++++ Data to use ++++

lemma free_sgI:
  assumes "\<And>v. sg_val V X v \<Longrightarrow> u v \<in> sg_gen (snd (fst v)) (snd v ` X)"
    and "\<And>v. \<not> sg_val V X v \<Longrightarrow> u v = 0"
    and "\<And>S \<phi> T \<psi> h. sg_val V X (S, \<phi>) \<Longrightarrow> sg_val V X (T, \<psi>) \<Longrightarrow> sg_hom S T h \<Longrightarrow>
        (\<forall>x\<in>X. h (\<phi> x) = \<psi> x) \<Longrightarrow> h (u (S, \<phi>)) = u (T, \<psi>)"
  shows "u \<in> free_sg V X"
  using assms unfolding free_sg_def by blast

lemma sg_val_common_refinement:
  assumes V: "sg_pvar V" and vs: "\<forall>v\<in>set vs. sg_val V X v"
  shows "\<exists>T \<psi>. sg_val V X (T, \<psi>) \<and>
    (\<forall>v\<in>set vs. \<exists>h. sg_hom T (fst v) h \<and> (\<forall>x\<in>X. h (\<psi> x) = snd v x))"
  using vs
proof (induction vs)
  case Nil
  have "sg_trivial \<in> V" using V unfolding sg_pvar_def by blast
  then have "sg_val V X (sg_trivial, \<lambda>_. 0)" unfolding sg_val_def sg_trivial_def by auto
  then show ?case by (intro exI[of _ sg_trivial] exI[of _ "\<lambda>_. 0"]) simp
next
  case (Cons v vs)
  obtain T' \<psi>' where T': "sg_val V X (T', \<psi>')"
    "\<forall>v\<in>set vs. \<exists>h. sg_hom T' (fst v) h \<and> (\<forall>x\<in>X. h (\<psi>' x) = snd v x)" using Cons by auto
  have v: "fst v \<in> V" "snd v ` X \<subseteq> fst (fst v)" using Cons.prems unfolding sg_val_def by auto
  let ?T = "sg_prod_nat (fst v) T'"
  let ?\<psi> = "\<lambda>x. prod_encode (snd v x, \<psi>' x)"
  have "?T \<in> V" using sg_pvar_prod_nat_closed[OF V v(1)] T'(1) unfolding sg_val_def by auto
  moreover have "?\<psi> ` X \<subseteq> fst ?T" using T'(1) v(2) unfolding sg_val_def sg_prod_nat_def by auto
  ultimately have "sg_val V X (?T, ?\<psi>)" unfolding sg_val_def by simp
  moreover have "\<exists>h. sg_hom ?T (fst w) h \<and> (\<forall>x\<in>X. h (?\<psi> x) = snd w x)"
    if w: "w \<in> set (v # vs)" for w
  proof (cases "w = v")
    case True
    then show ?thesis using sg_hom_prod_nat_fst[of "fst v" T'] by auto
  next
    case False
    then obtain h where h: "sg_hom T' (fst w) h" "\<forall>x\<in>X. h (\<psi>' x) = snd w x" using T'(2) w by auto
    show ?thesis
      using sg_hom_comp[OF sg_hom_prod_nat_snd[of "fst v" T'] h(1)] h(2)
      by (intro exI[of _ "h \<circ> (\<lambda>a. snd (prod_decode a))"]) auto
  qed
  ultimately show ?case by blast
qed

text \<open>Evaluate u at a common refinement of the given valuations.\<close>

lemma free_sg_word_eval:
  assumes V: "sg_pvar V" and u: "u \<in> free_sg V X" and vs: "\<forall>v\<in>set vs. sg_val V X v"
  shows "\<exists>a l. a \<in> X \<and> set l \<subseteq> X \<and> (\<forall>v\<in>set vs. u v = word_eval (snd (fst v)) (snd v) a l)"
proof -
  obtain T \<psi> where T: "sg_val V X (T, \<psi>)"
    "\<forall>v\<in>set vs. \<exists>h. sg_hom T (fst v) h \<and> (\<forall>x\<in>X. h (\<psi> x) = snd v x)"
    using sg_val_common_refinement[OF V vs] by blast
  then have finT: "fin_sg T" and \<psi>: "\<psi> ` X \<subseteq> fst T"
    using sg_pvar_fin_sg[OF V] unfolding sg_val_def by auto
  have "u (T, \<psi>) \<in> sg_gen (snd T) (\<psi> ` X)" using free_sgD(1)[OF u T(1)] by simp
  then obtain a l where w: "a \<in> X" "set l \<subseteq> X" "u (T, \<psi>) = word_eval (snd T) \<psi> a l"
    using sg_gen_word_eval[OF finT \<psi>] by blast
  have "u (S, \<phi>) = word_eval (snd S) \<phi> a l" if v: "(S, \<phi>) \<in> set vs" for S \<phi>
  proof -
    obtain h where h: "sg_hom T S h" "\<forall>x\<in>X. h (\<psi> x) = \<phi> x" using T(2) v by fastforce
    have "h (u (T, \<psi>)) = u (S, \<phi>)" using free_sgD(3)[OF u T(1) _ h] vs v by blast
    moreover have "h (word_eval (snd T) \<psi> a l) = word_eval (snd S) \<phi> a l"
      by (rule sg_hom_word_eval[OF finT h(1) \<psi>]) (use h(2) w in auto)
    ultimately show ?thesis using w(3) by simp
  qed
  then show ?thesis using w(1,2) by fastforce
qed

fun matching_chain :: "('x \<Rightarrow> bool) \<Rightarrow> ('x \<Rightarrow> bool) \<Rightarrow> 'x \<Rightarrow> 'x list \<Rightarrow> bool" where
  "matching_chain P Q a [] = True"
| "matching_chain P Q a (b # l) = (Q a = P b \<and> matching_chain P Q b l)"

lemma B2_mul:
  "snd B2 (Some (p, r)) (Some (s, q)) = (if r = s then Some (p, q) else None)"
  "snd B2 None x = None" "snd B2 x None = None"
  unfolding B2_def by (auto split: option.splits)

lemma word_eval_B2:
  "word_eval (snd B2) (\<lambda>e. Some (P e, Q e)) a l =
    (if matching_chain P Q a l then Some (P a, Q (last (a # l))) else None)"
  by (induction l arbitrary: a) (auto simp: B2_mul)

fun graph_path :: "('v, 'e) sgraph \<Rightarrow> 'e \<Rightarrow> 'e list \<Rightarrow> bool" where
  "graph_path A a [] = True"
| "graph_path A a (b # l) = (src A a = tgt A b \<and> graph_path A b l)"

lemma graph_path_if_matching_chains:
  assumes "is_graph A" "a \<in> edges A" "set l \<subseteq> edges A"
    "\<forall>x\<in>verts A. matching_chain (\<lambda>e. tgt A e = x) (\<lambda>e. src A e = x) a l"
  shows "graph_path A a l"
  using assms(2-4)
proof (induction l arbitrary: a)
  case Nil then show ?case by simp
next
  case (Cons b l)
  have "src A a \<in> verts A" using assms(1) Cons.prems(1) unfolding is_graph_def by blast
  then have "src A a = tgt A b" using Cons.prems(3) by fastforce
  then show ?case using Cons by auto
qed

lemma fin_sg_B2: "fin_sg B2"
  unfolding fin_sg_def B2_def by (auto split: option.splits)

lemma sg_iso_inverse_hom:
  assumes "fin_sg S" "sg_iso S T"
  shows "\<exists>g. sg_hom T S g \<and> inj_on g (fst T)"
proof -
  obtain h where h: "bij_betw h (fst S) (fst T)" "sg_hom S T h" using assms(2) unfolding sg_iso_def by blast
  define g where "g = inv_into (fst S) h"
  have g: "g z \<in> fst S" "h (g z) = z" if "z \<in> fst T" for z
    using that h(1) unfolding g_def bij_betw_def by (auto intro: inv_into_into f_inv_into_f)
  have "g (snd T z1 z2) = snd S (g z1) (g z2)" if "z1 \<in> fst T" "z2 \<in> fst T" for z1 z2
  proof -
    have gS: "snd S (g z1) (g z2) \<in> fst S" using assms(1) g that unfolding fin_sg_def by blast
    have "h (snd S (g z1) (g z2)) = snd T z1 z2"
      using h(2) g that unfolding sg_hom_def sg_hom_on_def by simp
    then show ?thesis
      using gS h(1) unfolding g_def bij_betw_def by (metis inv_into_f_f)
  qed
  moreover have "inj_on g (fst T)" using g by (metis inj_onI)
  ultimately show ?thesis using g unfolding sg_hom_def sg_hom_on_def by blast
qed

lemma fst_B2: "fst B2 = UNIV"
  by (simp add: B2_def)

lemma B2_embeds_into_pvar:
  assumes "sg_pvar V" "contains_B2 V"
  shows "\<exists>S g. S \<in> V \<and> sg_hom B2 S g \<and> inj g"
  using assms sg_iso_inverse_hom[OF sg_pvar_fin_sg] fst_B2 unfolding contains_B2_def by metis

lemma is_sgdD:
  assumes "is_sgd C" "s \<in> edges C" "t \<in> edges C" "src C s = tgt C t"
  shows "mul C s t \<in> edges C" "src C (mul C s t) = src C t" "tgt C (mul C s t) = tgt C s"
  using assms unfolding is_sgd_def by blast+

lemma word_eval_sgd:
  assumes C: "is_sgd C" and g: "graph_hom A C fv fe"
    and a: "a \<in> edges A" "set l \<subseteq> edges A" "graph_path A a l"
  shows "word_eval (mul C) fe a l \<in> edges C \<and> word_eval (mul C) fe a l \<in> sgd_gen C (fe ` edges A) \<and>
    src C (word_eval (mul C) fe a l) = fv (src A (last (a # l))) \<and>
    tgt C (word_eval (mul C) fe a l) = fv (tgt A a)"
  using a
proof (induction l arbitrary: a)
  case Nil then show ?case using g unfolding graph_hom_def by (auto intro: sgd_gen.base)
next
  case (Cons b l)
  let ?w = "word_eval (mul C) fe b l"
  have IH: "?w \<in> edges C" "?w \<in> sgd_gen C (fe ` edges A)" "src C ?w = fv (src A (last (b # l)))"
    "tgt C ?w = fv (tgt A b)" using Cons by auto
  have a: "fe a \<in> edges C" "src C (fe a) = fv (src A a)" "tgt C (fe a) = fv (tgt A a)"
    using g Cons.prems unfolding graph_hom_def by auto
  have comp: "src C (fe a) = tgt C ?w" using a IH Cons.prems by simp
  have "fe a \<in> sgd_gen C (fe ` edges A)" using Cons.prems by (auto intro: sgd_gen.base)
  then show ?case using is_sgdD[OF C a(1) IH(1) comp] IH a sgd_gen.mult[OF _ IH(2) comp] by simp
qed

lemma sgd_hom_word_eval:
  assumes C: "is_sgd C" and g: "graph_hom A C fv fe" and h: "sgd_hom C T hv he"
    and he: "\<And>e. e \<in> edges A \<Longrightarrow> he (fe e) = ge e"
    and a: "a \<in> edges A" "set l \<subseteq> edges A" "graph_path A a l"
  shows "he (word_eval (mul C) fe a l) = word_eval (mul T) ge a l"
  using a
proof (induction l arbitrary: a)
  case Nil then show ?case using he by simp
next
  case (Cons b l)
  let ?w = "word_eval (mul C) fe b l"
  have w: "?w \<in> edges C" "tgt C ?w = fv (tgt A b)"
    using word_eval_sgd[OF C g, of b l] Cons.prems by auto
  have a: "fe a \<in> edges C" "src C (fe a) = fv (src A a)"
    using g Cons.prems unfolding graph_hom_def by auto
  have "he (mul C (fe a) ?w) = mul T (he (fe a)) (he ?w)"
    using h w a Cons.prems unfolding sgd_hom_def by auto
  then show ?case using Cons he by simp
qed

++++

Work to be completed | Only the lines from the first line of the records through the line with "sg_pvar_def by blast" should be reproduced, exactly and with nothing added.

Completed exercise |
lemma free_sgI:
  assumes "\<And>v. sg_val V X v \<Longrightarrow> u v \<in> sg_gen (snd (fst v)) (snd v ` X)"
    and "\<And>v. \<not> sg_val V X v \<Longrightarrow> u v = 0"
    and "\<And>S \<phi> T \<psi> h. sg_val V X (S, \<phi>) \<Longrightarrow> sg_val V X (T, \<psi>) \<Longrightarrow> sg_hom S T h \<Longrightarrow>
        (\<forall>x\<in>X. h (\<phi> x) = \<psi> x) \<Longrightarrow> h (u (S, \<phi>)) = u (T, \<psi>)"
  shows "u \<in> free_sg V X"
  using assms unfolding free_sg_def by blast

lemma sg_val_common_refinement:
  assumes V: "sg_pvar V" and vs: "\<forall>v\<in>set vs. sg_val V X v"
  shows "\<exists>T \<psi>. sg_val V X (T, \<psi>) \<and>
    (\<forall>v\<in>set vs. \<exists>h. sg_hom T (fst v) h \<and> (\<forall>x\<in>X. h (\<psi> x) = snd v x))"
  using vs
proof (induction vs)
  case Nil
  have "sg_trivial \<in> V" using V unfolding sg_pvar_def by blast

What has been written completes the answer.